(Stored data entries)
lemma gmult_assoc: "gmult (gmult x y) z = gmult x (gmult y z)"
proof (rule ext)
  fix S
  show "gmult (gmult x y) z S = gmult x (gmult y z) S"
  proof (cases "finite S")
    case False then show ?thesis by (simp add: gmult_infinite)
  next
    case True
    have L: "gmult (gmult x y) z S = (\<Sum>(B, A)\<in>Sigma (Pow S) Pow.
        reorder_sign B (S - B) * reorder_sign A (B - A) * x A * y (B - A) * z (S - B))"
      unfolding gmult_def
      by (subst sum.Sigma[symmetric])
         (use True finite_subset in \<open>auto simp: sum_distrib_left sum_distrib_right mult_ac
            intro!: sum.cong\<close>)
    have R: "gmult x (gmult y z) S = (\<Sum>(A, C)\<in>Sigma (Pow S) (\<lambda>A. Pow (S - A)).
        reorder_sign A (S - A) * reorder_sign C (S - A - C) * x A * y C * z (S - A - C))"
      unfolding gmult_def
      by (subst sum.Sigma[symmetric])
         (use True finite_subset in \<open>auto simp: sum_distrib_left sum_distrib_right mult_ac
            intro!: sum.cong\<close>)
    show ?thesis unfolding L R
    proof (rule sum.reindex_bij_witness[of _ "\<lambda>(A, C). (A \<union> C, A)" "\<lambda>(B, A). (A, B - A)"])
      fix a assume "a \<in> Sigma (Pow S) Pow"
      then obtain B A where [simp]: "a = (B, A)" and sub: "A \<subseteq> B" "B \<subseteq> S" by auto
      show "(case case a of (B, A) \<Rightarrow> (A, B - A) of (A, C) \<Rightarrow> (A \<union> C, A)) = a"
        "(case a of (B, A) \<Rightarrow> (A, B - A)) \<in> Sigma (Pow S) (\<lambda>A. Pow (S - A))"
        using sub by auto
      have "S - A - (B - A) = S - B" using sub by auto
      then show "(case case a of (B, A) \<Rightarrow> (A, B - A) of (A, C) \<Rightarrow>
            reorder_sign A (S - A) * reorder_sign C (S - A - C) * x A * y C * z (S - A - C)) =
         (case a of (B, A) \<Rightarrow>
            reorder_sign B (S - B) * reorder_sign A (B - A) * x A * y (B - A) * z (S - B))"
        using reorder_sign_assoc[OF sub True] by simp
    next
      fix b assume "b \<in> Sigma (Pow S) (\<lambda>A. Pow (S - A))"
      then obtain A C where [simp]: "b = (A, C)" and sub: "A \<subseteq> S" "C \<subseteq> S - A" by auto
      show "(case case b of (A, C) \<Rightarrow> (A \<union> C, A) of (B, A) \<Rightarrow> (A, B - A)) = b"
        "(case b of (A, C) \<Rightarrow> (A \<union> C, A)) \<in> Sigma (Pow S) Pow"
        using sub by auto
    qed
  qed
qed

## What needs to be done
The answer must be an exact copy of every entry.

## Exercise solution
lemma gmult_assoc: "gmult (gmult x y) z = gmult x (gmult y z)"
proof (rule ext)
  fix S
  show "gmult (gmult x y) z S = gmult x (gmult y z) S"
  proof (cases "finite S")
    case False then show ?thesis by (simp add: gmult_infinite)
  next
    case True
    have L: "gmult (gmult x y) z S = (\<Sum>(B, A)\<in>Sigma (Pow S) Pow.
        reorder_sign B (S - B) * reorder_sign A (B - A) * x A * y (B - A) * z (S - B))"
      unfolding gmult_def
      by (subst sum.Sigma[symmetric])
         (use True finite_subset in \<open>auto simp: sum_distrib_left sum_distrib_right mult_ac
            intro!: sum.cong\<close>)
    have R: "gmult x (gmult y z) S = (\<Sum>(A, C)\<in>Sigma (Pow S) (\<lambda>A. Pow (S - A)).
        reorder_sign A (S - A) * reorder_sign C (S - A - C) * x A * y C * z (S - A - C))"
      unfolding gmult_def
      by (subst sum.Sigma[symmetric])
         (use True finite_subset in \<open>auto simp: sum_distrib_left sum_distrib_right mult_ac
            intro!: sum.cong\<close>)
    show ?thesis unfolding L R
    proof (rule sum.reindex_bij_witness[of _ "\<lambda>(A, C). (A \<union> C, A)" "\<lambda>(B, A). (A, B - A)"])
      fix a assume "a \<in> Sigma (Pow S) Pow"
      then obtain B A where [simp]: "a = (B, A)" and sub: "A \<subseteq> B" "B \<subseteq> S" by auto
      show "(case case a of (B, A) \<Rightarrow> (A, B - A) of (A, C) \<Rightarrow> (A \<union> C, A)) = a"
        "(case a of (B, A) \<Rightarrow> (A, B - A)) \<in> Sigma (Pow S) (\<lambda>A. Pow (S - A))"
        using sub by auto
      have "S - A - (B - A) = S - B" using sub by auto
      then show "(case case a of (B, A) \<Rightarrow> (A, B - A) of (A, C) \<Rightarrow>
            reorder_sign A (S - A) * reorder_sign C (S - A - C) * x A * y C * z (S - A - C)) =
         (case a of (B, A) \<Rightarrow>
            reorder_sign B (S - B) * reorder_sign A (B - A) * x A * y (B - A) * z (S - B))"
        using reorder_sign_assoc[OF sub True] by simp
    next
      fix b assume "b \<in> Sigma (Pow S) (\<lambda>A. Pow (S - A))"
      then obtain A C where [simp]: "b = (A, C)" and sub: "A \<subseteq> S" "C \<subseteq> S - A" by auto
      show "(case case b of (A, C) \<Rightarrow> (A \<union> C, A) of (B, A) \<Rightarrow> (A, B - A)) = b"
        "(case b of (A, C) \<Rightarrow> (A \<union> C, A)) \<in> Sigma (Pow S) Pow"
        using sub by auto
    qed
  qed
qed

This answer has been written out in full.